Just 44 percent of Americans approve of the job the Supreme Court is doing and three-quarters say the justices’ decisions are sometimes influenced by their personal or political views, according to a poll conducted by The New York Times and CBS News.
Those findings are a fresh indication that the court’s standing with the public has slipped significantly in the past quarter-century, according to surveys conducted by several polling organizations. Approval was as high as 66 percent in the late 1980s, and by 2000 approached 50 percent.
Apparently none of those surveys were conducted by the Times, which according to this new poll has never asked the question before. (And a decline in approval from "approaching 50 percent" in 2000 to 44 percent in 2012 doesn't sound like a vast decline.) So why ask the question now? Buried deeper into the story was the fact that the Court's disapproval rating was only 36 percent.
Without evidence, Liptak blamed two conservative court decisions loathed by the Times for the decline:
The decline in the court’s standing may stem in part from Americans’ growing distrust in recent years of major institutions in general and the government in particular. But it also could reflect a sense that the court is more political, after the ideologically divided 5-to-4 decisions in Bush v. Gore, which determined the 2000 presidential election, and Citizens United, the 2010 decision allowing unlimited campaign spending by corporations and unions.
“The results of this and other recent polls call into question two pieces of conventional wisdom,” said Lee Epstein, who teaches law and political science at the University of Southern California. One is that the court’s approval rating has been stable over the years, the other is that it has been consistently higher than that of the other branches of government, Professor Epstein said.
On the highest-profile issue now facing the court, the poll found that more than two-thirds of Americans hope that the court overturns some or all of the 2010 health care law when it rules, probably this month. There was scant difference in the court’s approval rating between supporters and opponents of the law.
(In February 2012, Liptak wrote a widely ridiculed front-page criticism of the constitution as outdated for failing to entitle people to "free" education and health care.)
The court’s tepid approval ratings crossed ideological lines and policy agendas. Liberals and conservatives both registered about 40 percent approval rates.

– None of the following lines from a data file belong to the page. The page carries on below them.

lemma row_form_kerQ: "row_form u \<in> kerQ m n a"
  unfolding row_form_def kerQ_def using two_le_m
  by (auto intro!: poly_ring_sum poly_ring_mult poly_ring_Const poly_ring_Var
      simp: eval_mpoly_sum eval_mpoly_mult)

lemma pderiv_at_row_form: "j < n \<Longrightarrow> pderiv_at a (i, j) (row_form u) = (if i = t then u j else 0)"
  unfolding row_form_def
  by (simp add: pderiv_at_sum pderiv_at_Const_mult pderiv_at_Var of_bool_def if_distrib sum.delta
      cong: if_cong)

lemma denomN_iff_dvd:
  assumes x: "x \<in> torsT m n a"
  shows "x \<in> denomN m n a \<longleftrightarrow> (\<forall>k<n - t. \<Delta> dvd pderiv_at a (t, t + k) x)"
proof
  assume "x \<in> denomN m n a"
  then obtain u where "\<forall>j. pderiv_at a (t, j) x = \<Delta> * u j"
    using denomN_pderiv_at by blast
  then show "\<forall>k<n - t. \<Delta> dvd pderiv_at a (t, t + k) x"
    by simp
next
  assume "\<forall>k<n - t. \<Delta> dvd pderiv_at a (t, t + k) x"
  then have "\<forall>k. \<exists>c. k < n - t \<longrightarrow> pderiv_at a (t, t + k) x = \<Delta> * c"
    by (auto simp: dvd_def)
  from choice[OF this] obtain h where h: "\<And>k. k < n - t \<Longrightarrow> pderiv_at a (t, t + k) x = \<Delta> * h k"
    by blast
  have low: "\<forall>i<t. \<forall>j<n. pderiv_at a (i, j) x = 0" and K: "in_kernel (\<lambda>j. pderiv_at a (t, j) x)"
    using x by (simp_all add: torsT_iff)
  have "pderiv_at a (t, j) x = \<Delta> * kernel_ext h j" if "j < n" for j
  proof (rule in_kernel_eqI[OF K in_kernel_scale[OF in_kernel_ext] _ that])
    show "pderiv_at a (t, j') x = \<Delta> * kernel_ext h j'" if "t \<le> j'" "j' < n" for j'
      using that h[of "j' - t"] by (simp add: kernel_ext_def)
  qed
  with x low show "x \<in> denomN m n a"
    by (intro mem_denomN_if_pderiv_at[OF _ _ in_kernel_ext]) (auto simp: torsT_iff)
qed

lemma pderiv_at_onto: "\<exists>x\<in>torsT m n a. \<forall>k<n - t. pderiv_at a (t, t + k) x = v k"
proof (intro bexI allI impI)
  have "in_kernel (\<lambda>j. pderiv_at a (t, j) (row_form (kernel_ext v)))"
    using in_kernel_ext by (subst in_kernel_cong) (simp_all add: pderiv_at_row_form)
  then show "row_form (kernel_ext v) \<in> torsT m n a"
    unfolding torsT_iff using row_form_kerQ by (simp add: pderiv_at_row_form)
  show "pderiv_at a (t, t + k) (row_form (kernel_ext v)) = v k" if "k < n - t" for k
    using that by (simp add: pderiv_at_row_form kernel_ext_def)
qed

sublocale quotient_coordinates uf "\<Sum>i<m - 1. as i" "n - (m - 1)" "denomN m n a" "torsT m n a"
  "\<lambda>x k. pderiv_at a (m - 1, m - 1 + k) x"
proof
  show "is_dvr_uniformiser uf"
    by (rule uniformiser)
  show "\<exists>x\<in>torsT m n a. \<forall>k<n - (m - 1). pderiv_at a (m - 1, m - 1 + k) x = v k" for v
    by (rule pderiv_at_onto)
qed (simp_all add: torsT_add torsT_Const_mult denomN_subset_torsT pderiv_at_add
    pderiv_at_Const_mult denomN_iff_dvd)

end

theorem lemma5p9:
  fixes uf :: "'a::idom" and m n :: nat and as :: "nat \<Rightarrow> nat"
  assumes "is_dvr_uniformiser uf"
    and "2 \<le> m" and "m \<le> n"
    and "\<And>i j. i \<le> j \<Longrightarrow> j < m - 1 \<Longrightarrow> as i \<le> as j"
  shows "quot_length (denomN m n (amat uf m as)) (torsT m n (amat uf m as))
           = enat ((n - (m - 1)) * (\<Sum>i<m - 1. as i))"
proof -
  interpret amat_setting uf m n as
    using assms(1-3) by unfold_locales
  show ?thesis
    by (rule quot_length_eq)
qed

end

Forty-three percent of people who hoped the court would strike down the health care law approved of its work, but so did 41 percent of those who favored keeping the law.
The Times finally got to the nitty-gritty of public disapproval of Obama-care in paragraph 16 of 25.
Asked about the health care case, 41 percent of those surveyed said the court should strike down the entire law, and another 27 percent said the justices should overturn only the individual mandate, which requires most Americans to obtain health insurance or pay a penalty.
Only 24 percent said they hoped the court “would keep the entire health care law in place.”
These numbers have not changed much in recent months and appeared to be largely unaffected by the more than six hours of arguments in the Supreme Court in March.